Hacker News new | ask | show | jobs
by bartuu 502 days ago
I get excited when I see things like this, even if they're simple because I think I can build a business on top of it. However, in complex tasks and real-life cases, it's successful in very few instances. I can't trust its stability. This makes me feel like I've been deceived. I believe agents will be used for tasks that require very little intelligence and constant repetition. It's actually an assistant in situations like this demo. I want to use agents everywhere, but they're not successful in their outputs. GPT-4 is still being used at large scales. I don't know what the situation is with high-level usage of models that do reasoning like o1 through APIs, I haven't tried it. I tried Deepseek, and I encountered stability issues with Deepseek APIs. Besides, R1 doesn't have function calls.
2 comments

I see no evidence that we're anywhere close to "fire and forget" AI that can be trusted to operate independently. But it feels like every business is centered on not only that being inevitable, but incredibly close if not already here.
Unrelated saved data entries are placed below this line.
(* Let $n=p_1^{\alpha_1}p_2^{\alpha_2}p_3^{\alpha_3}$ where $p_1,p_2,p_3$ are distinct primes and $\alpha_i\geq 1$ are integers, and suppose $\alpha_i>1$ for at least two indices $i\in\{1,2,3\}$. Then $\mathbb{AG}(\mathbb{Z}_n)$ is not perfect.
   Context: For a commutative ring $R$ with unity, the annihilating-ideal graph $\mathbb{AG}(R)$ is the simple graph whose vertex set is the set of all non-zero ideals of $R$ with non-zero annihilator, two distinct vertices $I,J$ being adjacent if and only if $IJ=0$. A graph $G$ is perfect if $\omega(H)=\chi(H)$ for every induced subgraph $H$ of $G$. *)

theory Defs
  imports "HOL-Algebra.Ideal_Product" "HOL-Number_Theory.Residues"
begin

text \<open>A simple graph is given by a vertex set V and a symmetric irreflexive adjacency
  relation E (only its restriction to V matters).  Induced subgraph on H is (H, E).\<close>

definition is_clique :: "'v set \<Rightarrow> ('v \<Rightarrow> 'v \<Rightarrow> bool) \<Rightarrow> 'v set \<Rightarrow> bool" where
  "is_clique V E C \<longleftrightarrow> C \<subseteq> V \<and> (\<forall>x\<in>C. \<forall>y\<in>C. x \<noteq> y \<longrightarrow> E x y)"

definition clique_number :: "'v set \<Rightarrow> ('v \<Rightarrow> 'v \<Rightarrow> bool) \<Rightarrow> nat" where
  "clique_number V E = Max {card C | C. is_clique V E C}"

definition is_colouring :: "'v set \<Rightarrow> ('v \<Rightarrow> 'v \<Rightarrow> bool) \<Rightarrow> nat \<Rightarrow> ('v \<Rightarrow> nat) \<Rightarrow> bool" where
  "is_colouring V E k f \<longleftrightarrow> (\<forall>x\<in>V. f x < k) \<and> (\<forall>x\<in>V. \<forall>y\<in>V. x \<noteq> y \<longrightarrow> E x y \<longrightarrow> f x \<noteq> f y)"

definition chromatic_number :: "'v set \<Rightarrow> ('v \<Rightarrow> 'v \<Rightarrow> bool) \<Rightarrow> nat" where
  "chromatic_number V E = (LEAST k. \<exists>f. is_colouring V E k f)"

definition perfect_graph :: "'v set \<Rightarrow> ('v \<Rightarrow> 'v \<Rightarrow> bool) \<Rightarrow> bool" where
  "perfect_graph V E \<longleftrightarrow> (\<forall>H\<subseteq>V. clique_number H E = chromatic_number H E)"

definition ann_ideal :: "('a, 'b) ring_scheme \<Rightarrow> 'a set \<Rightarrow> 'a set" where
  "ann_ideal R I = {x \<in> carrier R. \<forall>i\<in>I. x \<otimes>\<^bsub>R\<^esub> i = \<zero>\<^bsub>R\<^esub>}"

definition AG_vertices :: "('a, 'b) ring_scheme \<Rightarrow> 'a set set" where
  "AG_vertices R = {I. ideal I R \<and> I \<noteq> {\<zero>\<^bsub>R\<^esub>} \<and> ann_ideal R I \<noteq> {\<zero>\<^bsub>R\<^esub>}}"

definition AG_adj :: "('a, 'b) ring_scheme \<Rightarrow> 'a set \<Rightarrow> 'a set \<Rightarrow> bool" where
  "AG_adj R I J \<longleftrightarrow> I \<noteq> J \<and> ideal_prod R I J = {\<zero>\<^bsub>R\<^esub>}"

end

(* Write n = p^a q^b r^c with a, b >= 2 and c >= 1; the case split in the theorem only decides
   which two primes carry the large exponents.  For proper divisors d, e > 1 of n the ideal dZ_n is a
   vertex of AG(Z_n), and dZ_n, eZ_n are adjacent iff d <> e and n divides de.  Comparing exponents,
   the generators q^b r^c, p^a r^c, p q^b, p^(a-1) q r^c, p^a q^(b-1) form an induced 5-cycle in this
   order.  An odd hole has clique number 2 and chromatic number 3, so AG(Z_n) is not perfect. *)

theory Submission
  imports Defs "HOL-Library.Product_Order" "HOL-Library.Product_Plus"
begin

lemma clique_number_le:
  assumes "\<And>C. is_clique V E C \<Longrightarrow> card C \<le> k"
  shows "clique_number V E \<le> k"
proof -
  have "{card C | C. is_clique V E C} \<subseteq> {..k}" using assms by auto
  moreover have "is_clique V E {}"
    by (simp add: is_clique_def)
  ultimately show ?thesis
    unfolding clique_number_def by (intro Max.boundedI) (auto intro: finite_subset)
qed

lemma chromatic_number_ge:
  assumes "finite V" and "\<And>k f. is_colouring V E k f \<Longrightarrow> m \<le> k"
  shows "m \<le> chromatic_number V E"
proof -
  obtain f :: "'a \<Rightarrow> nat" and k where img: "f ` V = {i. i < k}" and "inj_on f V"
    using finite_imp_inj_to_nat_seg[OF \<open>finite V\<close>] by blast
  have "f x < k" if "x \<in> V" for x
    using img that by (metis imageI mem_Collect_eq)
  moreover have "f x \<noteq> f y" if "x \<in> V" "y \<in> V" "x \<noteq> y" for x y
    using \<open>inj_on f V\<close> that by (meson inj_onD)
  ultimately have "is_colouring V E k f"
    unfolding is_colouring_def by blast
  then have "\<exists>f. is_colouring V E (chromatic_number V E) f"
    unfolding chromatic_number_def using LeastI_ex[of "\<lambda>k. \<exists>f. is_colouring V E k f"] by blast
  then show ?thesis using assms(2) by blast
qed

lemma less_5_cases: "i < (5::nat) \<Longrightarrow> i \<in> {0, 1, 2, 3, 4}"
  by auto

definition C5_adjacent :: "nat \<Rightarrow> nat \<Rightarrow> bool" where
  "C5_adjacent i j \<longleftrightarrow> j = (i + 1) mod 5 \<or> i = (j + 1) mod 5"

lemma C5_triangle_free:
  assumes "i < 5" "j < 5" "k < 5" "i \<noteq> j" "i \<noteq> k" "j \<noteq> k"
    and "C5_adjacent i j" "C5_adjacent i k" "C5_adjacent j k"
  shows False
  using less_5_cases[OF assms(1)] less_5_cases[OF assms(2)] less_5_cases[OF assms(3)] assms(4-)
  unfolding C5_adjacent_def by (elim insertE emptyE; simp)

lemma three_elements_of_card:
  assumes "2 < card C"
  obtains x y z where "x \<in> C" "y \<in> C" "z \<in> C" "x \<noteq> y" "x \<noteq> z" "y \<noteq> z"
proof -
  have "Suc (Suc (Suc 0)) \<le> card C" using assms by simp
  then show ?thesis using that unfolding card_le_Suc_iff by blast
qed

lemma C5_clique_number:
  fixes v :: "nat \<Rightarrow> 'v"
  assumes "\<And>i j. i < 5 \<Longrightarrow> j < 5 \<Longrightarrow> E (v i) (v j) \<longleftrightarrow> C5_adjacent i j"
  shows "clique_number (v ` {..<5}) E \<le> 2"
proof (rule clique_number_le, rule ccontr)
  fix C assume C: "is_clique (v ` {..<5}) E C" and "\<not> card C \<le> 2"
  then have "2 < card C" by simp
  then obtain x y z where xyz: "x \<in> C" "y \<in> C" "z \<in> C" "x \<noteq> y" "x \<noteq> z" "y \<noteq> z"
    by (rule three_elements_of_card)
  have "C \<subseteq> v ` {..<5}" using C by (simp add: is_clique_def)
  with xyz obtain i j k where ijk: "i < 5" "j < 5" "k < 5" "x = v i" "y = v j" "z = v k"
    by (meson imageE lessThan_iff subsetD)
  have "E x y" "E x z" "E y z" using C xyz by (simp_all add: is_clique_def)
  with ijk have adjacent: "C5_adjacent i j" "C5_adjacent i k" "C5_adjacent j k"
    using assms by simp_all
  have distinct: "i \<noteq> j" "i \<noteq> k" "j \<noteq> k" using xyz ijk by auto
  from ijk(1-3) distinct adjacent show False by (rule C5_triangle_free)
qed

lemma C5_chromatic_number:
  fixes v :: "nat \<Rightarrow> 'v"
  assumes "inj_on v {..<5}"
    and "\<And>i j. i < 5 \<Longrightarrow> j < 5 \<Longrightarrow> E (v i) (v j) \<longleftrightarrow> C5_adjacent i j"
  shows "3 \<le> chromatic_number (v ` {..<5}) E"
proof (rule chromatic_number_ge, simp, rule ccontr)
  fix k f assume f: "is_colouring (v ` {..<5}) E k f" and "\<not> 3 \<le> k"
  have bound: "f (v i) < 2" if "i < 5" for i
  proof -
    have "f (v i) < k" using f that unfolding is_colouring_def by simp
    with \<open>\<not> 3 \<le> k\<close> show ?thesis by linarith
  qed
  have differ: "f (v i) \<noteq> f (v j)" if "i < 5" "j = (i + 1) mod 5" for i j
  proof -
    have "i \<noteq> j"
      using less_5_cases[OF \<open>i < 5\<close>] \<open>j = (i + 1) mod 5\<close> by (elim insertE emptyE; simp)
    then have "v i \<noteq> v j"
      by (rule inj_on_contraD[OF assms(1)]) (simp_all add: that)
    moreover have "E (v i) (v j)" using that assms(2) by (simp add: C5_adjacent_def)
    ultimately show ?thesis
      using f that unfolding is_colouring_def by simp
  qed
  have "f (v 0) \<noteq> f (v 1)" "f (v 1) \<noteq> f (v 2)" "f (v 2) \<noteq> f (v 3)"
    "f (v 3) \<noteq> f (v 4)" "f (v 4) \<noteq> f (v 0)"
    by (rule differ; simp)+
  moreover have "f (v 0) < 2" "f (v 1) < 2" "f (v 2) < 2" "f (v 3) < 2" "f (v 4) < 2"
    by (rule bound; simp)+
  ultimately show False by linarith
qed

lemma induced_C5_not_perfect:
  fixes v :: "nat \<Rightarrow> 'v"
  assumes "v ` {..<5} \<subseteq> V" and "inj_on v {..<5}"
    and "\<And>i j. i < 5 \<Longrightarrow> j < 5 \<Longrightarrow> E (v i) (v j) \<longleftrightarrow> C5_adjacent i j"
  shows "\<not> perfect_graph V E"
proof
  assume "perfect_graph V E"
  then have "clique_number (v ` {..<5}) E = chromatic_number (v ` {..<5}) E"
    using assms(1) unfolding perfect_graph_def by blast
  with C5_clique_number[where v = v and E = E, OF assms(3)]
    C5_chromatic_number[where v = v and E = E, OF assms(2,3)]
  show False by linarith
qed

definition residue_multiples :: "int \<Rightarrow> int \<Rightarrow> int set" where
  "residue_multiples m d = {x \<in> {0..m - 1}. d dvd x}"

lemma residue_multiples_eq_PIdl:
  assumes "1 < m" "0 < d" "d dvd m"
  shows "residue_multiples m d = PIdl\<^bsub>residue_ring m\<^esub> d"
proof
  show "residue_multiples m d \<subseteq> PIdl\<^bsub>residue_ring m\<^esub> d"
  proof
    fix x assume x: "x \<in> residue_multiples m d"
    then obtain k where k: "x = k * d"
      unfolding residue_multiples_def by (metis (mono_tags) dvdE mem_Collect_eq mult.commute)
    with x \<open>0 < d\<close> have "0 \<le> k"
      unfolding residue_multiples_def
      by (metis mem_Collect_eq atLeastAtMost_iff linorder_not_le mult_neg_pos)
    moreover from this k \<open>0 < d\<close> have "k \<le> x" by (simp add: mult_le_cancel_left1)
    ultimately have "k \<in> carrier (residue_ring m)" "x = k \<otimes>\<^bsub>residue_ring m\<^esub> d"
      using x k unfolding residue_multiples_def residue_ring_def by auto
    then show "x \<in> PIdl\<^bsub>residue_ring m\<^esub> d"
      unfolding cgenideal_def by blast
  qed
next
  show "PIdl\<^bsub>residue_ring m\<^esub> d \<subseteq> residue_multiples m d"
    using assms unfolding residue_multiples_def cgenideal_def residue_ring_def
    by (auto simp: dvd_mod)
qed

lemma residue_multiples_ideal:
  assumes "0 < d" "d < m" "d dvd m"
  shows "ideal (residue_multiples m d) (residue_ring m)"
proof -
  have "cring (residue_ring m)"
    using assms residues.cring unfolding residues_def by simp
  moreover have "d \<in> carrier (residue_ring m)"
    using assms unfolding residue_ring_def by simp
  ultimately show ?thesis
    using assms residue_multiples_eq_PIdl cring.cgenideal_ideal by fastforce
qed

lemma self_in_residue_multiples: "0 < d \<Longrightarrow> d < m \<Longrightarrow> d \<in> residue_multiples m d"
  unfolding residue_multiples_def by simp

lemma residue_multiples_in_AG_vertices:
  assumes "1 < d" "d < m" "d dvd m"
  shows "residue_multiples m d \<in> AG_vertices (residue_ring m)"
proof -
  obtain k where k: "m = d * k" using \<open>d dvd m\<close> by blast
  with assms have "0 < k" "k < m"
    by (auto simp: zero_less_mult_iff)
  have "k \<in> ann_ideal (residue_ring m) (residue_multiples m d)"
    using \<open>0 < k\<close> \<open>k < m\<close> k
    by (auto simp: ann_ideal_def residue_multiples_def residue_ring_def mult.left_commute)
  moreover have "d \<in> residue_multiples m d"
    using assms by (simp add: self_in_residue_multiples)
  ultimately show ?thesis
    using assms \<open>0 < k\<close> residue_multiples_ideal
    unfolding AG_vertices_def by (auto simp: residue_ring_def)
qed

lemma residue_multiples_eq_iff:
  assumes "0 < d" "d < m" "0 < e" "e < m"
  shows "residue_multiples m d = residue_multiples m e \<longleftrightarrow> d = e"
proof
  assume eq: "residue_multiples m d = residue_multiples m e"
  have "d \<in> residue_multiples m e" "e \<in> residue_multiples m d"
    using self_in_residue_multiples assms eq by blast+
  then have "e dvd d" "d dvd e" by (simp_all add: residue_multiples_def)
  with assms show "d = e" by (simp add: zdvd_antisym_nonneg)
qed simp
Yet AI as a powerful tool utilized by skilled humans is already here, but we can't seem to shake free of this false promise.

I agree. The other day I went to an event. One of the speakers said he had a $2.7 billion exit. Everyone in the room believed it because some brilliant people and high-level authorities in the room believed in him and put him on that stage. Nobody thought otherwise because maybe this could be true. It's not logical to claim otherwise about what someone who might have $2.7 billion says (this really happened). Business, I don't know if there's a theory about this, but they think maybe what people who have received billion-dollar investments say might be true because saying things contrary to what they say doesn't gain anything.
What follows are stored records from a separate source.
(* Let $2\le j<k$ be integers and $g_k(x,y)=(1+x+y)^k-ky-\bigl((1+x)^k-1\bigr)$. For $n$ a multiple of $k$ and integers $a,b\ge 0$ with $a+b\le n$, define $$E_{n,j,k}\!\left(\tfrac an,\tfrac bn\right)=\frac{\binom{n}{a,\,b,\,n-a-b}\,S_{n,j,k}(a,b)}{\binom{nj}{ja,\,jb,\,j(n-a-b)}},\qquad S_{n,j,k}(a,b)=\operatorname{coeff}\!\left(g_k(x,y)^{nj/k},\,x^{ja}y^{jb}\right).$$ Let $\alpha,\beta>0$ with $\alpha+\beta<1$, and let $(n,a_n,b_n)$ range over sequences with $n\to\infty$ through multiples of $k$ and $a_n/n\to\alpha$, $b_n/n\to\beta$. Then for all $x,y>0$, $$\limsup_{n\to\infty}\frac1n\ln E_{n,j,k}\!\left(\tfrac{a_n}{n},\tfrac{b_n}{n}\right)\le \frac{j}{k}\ln\frac{1+(1+x+y)^k-ky-(1+x)^k}{x^{k\alpha}y^{k\beta}}+(1-j)\,h(\alpha,\beta,1-\alpha-\beta),$$ where $h(p,q,r)=-p\ln p-q\ln q-r\ln r$.
   Context: $E_{n,j,k}(a/n,b/n)$ is the average number of LM1 stopping sets in a random $(j,k)$-regular LDPC code of length $n$ with $a$ correct (unverified, correctly received) and $b$ incorrect variable nodes, the rest being verified; $g_k(x,y)$ enumerates the edge patterns at a single degree-$k$ check node that prevent LM1 decoding progress ($1$ marks a verified edge, $x$ a correct edge, $y$ an incorrect edge). $\operatorname{coeff}(f,x^py^q)$ denotes the coefficient of $x^py^q$ in the polynomial $f$. *)

theory Defs
  imports "HOL-Analysis.Analysis" "HOL-Computational_Algebra.Polynomial" "HOL-Library.Liminf_Limsup"
begin

text \<open>Bivariate integer polynomials are represented as int poly poly:
  the outer variable is y, the inner variable (coefficients) is x.
  The coefficient of x^p y^q in P is coeff (coeff P q) p.\<close>

definition varX :: "int poly poly" where "varX = [: [:0, 1:] :]"
definition varY :: "int poly poly" where "varY = [: 0, 1 :]"

definition bicoeff :: "int poly poly \<Rightarrow> nat \<Rightarrow> nat \<Rightarrow> int" where
  "bicoeff P p q = coeff (coeff P q) p"

definition g_poly :: "nat \<Rightarrow> int poly poly" where
  "g_poly k = (1 + varX + varY) ^ k - of_nat k * varY - ((1 + varX) ^ k - 1)"

definition S_njk :: "nat \<Rightarrow> nat \<Rightarrow> nat \<Rightarrow> nat \<Rightarrow> nat \<Rightarrow> int" where
  "S_njk n j k a b = bicoeff (g_poly k ^ (n * j div k)) (j * a) (j * b)"

definition multinom3 :: "nat \<Rightarrow> nat \<Rightarrow> nat \<Rightarrow> real" where
  "multinom3 n a b = fact n / (fact a * fact b * fact (n - a - b))"

definition E_njk :: "nat \<Rightarrow> nat \<Rightarrow> nat \<Rightarrow> nat \<Rightarrow> nat \<Rightarrow> real" where
  "E_njk n j k a b = multinom3 n a b * real_of_int (S_njk n j k a b)
       / multinom3 (n * j) (j * a) (j * b)"

definition log_rate :: "nat \<Rightarrow> real \<Rightarrow> ereal" where
  "log_rate n e = (if e = 0 then -\<infinity> else ereal (ln e / real n))"

definition entropy3 :: "real \<Rightarrow> real \<Rightarrow> real \<Rightarrow> real" where
  "entropy3 p q r = - p * ln p - q * ln q - r * ln r"

end

theory Submission imports Defs "HOL-Real_Asymp.Real_Asymp" begin

(* Proof idea (first-moment / saddle-point bound).
   1. Evaluation of a bivariate integer polynomial at a point (x,y) of the positive quadrant
      is a ring homomorphism ev x y.  If all coefficients of P are nonnegative, each single
      monomial is dominated by the whole sum: coeff(P, x^p y^q) x^p y^q <= ev x y P.
   2. g_k - 1 has nonnegative coefficients, because
        (1+x+y)^k - (1+x)^k - k y = y * sum_{i<k} ((1+x)^(k-1-i) (1+x+y)^i - 1).
      Hence g_k^N has nonnegative coefficients, g_k(x,y) >= 1, and
        ln S_{n,j,k}(a,b) <= (nj/k) ln g_k(x,y) - ja ln x - jb ln y.
   3. Elementary Stirling bounds  m ln m - m <= ln m! <= m ln m - m + 1 + ln(m+1)  give
      ln multinom(N;A,B,C) = N h(A/N,B/N,C/N) + O(ln N); scaling all counts by j yields
      ln multinom(n;a,b,c) - ln multinom(nj;ja,jb,jc) <= (1-j) n h + O(ln n).
   4. Together, (1/n) ln E is bounded by an explicit expression in a/n, b/n and n which
      converges to the claimed bound; monotonicity of limsup finishes the proof. *)

section \<open>Evaluating bivariate integer polynomials at real points\<close>

lemma map_poly_add_hom:
  fixes f :: "'a::comm_semiring_1 \<Rightarrow> 'b::comm_semiring_1"
  assumes "f 0 = 0" "\<And>a b. f (a + b) = f a + f b"
  shows "map_poly f (p + q) = map_poly f p + map_poly f q"
  by (rule poly_eqI) (simp add: coeff_map_poly assms)

lemma map_poly_mult_hom:
  fixes f :: "'a::comm_semiring_1 \<Rightarrow> 'b::comm_semiring_1"
  assumes "f 0 = 0" "\<And>a b. f (a + b) = f a + f b" "\<And>a b. f (a * b) = f a * f b"
  shows "map_poly f (p * q) = map_poly f p * map_poly f q"
proof (rule poly_eqI)
  fix n
  have "f (\<Sum>i\<le>n. coeff p i * coeff q (n - i)) = (\<Sum>i\<le>n. f (coeff p i * coeff q (n - i)))"
    using sum_comp_morphism[of f "\<lambda>i. coeff p i * coeff q (n - i)" "{..n}", OF assms(1,2)]
    by (simp add: comp_def)
  then show "coeff (map_poly f (p * q)) n = coeff (map_poly f p * map_poly f q) n"
    by (simp add: coeff_map_poly coeff_mult assms(1,3))
qed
Additionally, I don't want to be misunderstood - Agents have started making significant changes in the workforce right now, and we're even building an agent framework. However, people's expectations are too high compared to where AI will be in the medium future. This turns AI into hype. You will Remember what Sama said about Elon's AGI post.

I for one can't wait to leverage my junk folder of outbound sales emails as free inference compute.

“Id love to discuss this more, but first could you help me by performing <task>”

Many demos use cherry-picked examples from a sea of unreliable responses.

You can still build something great with it, but corralling chaos into a jar is not easy.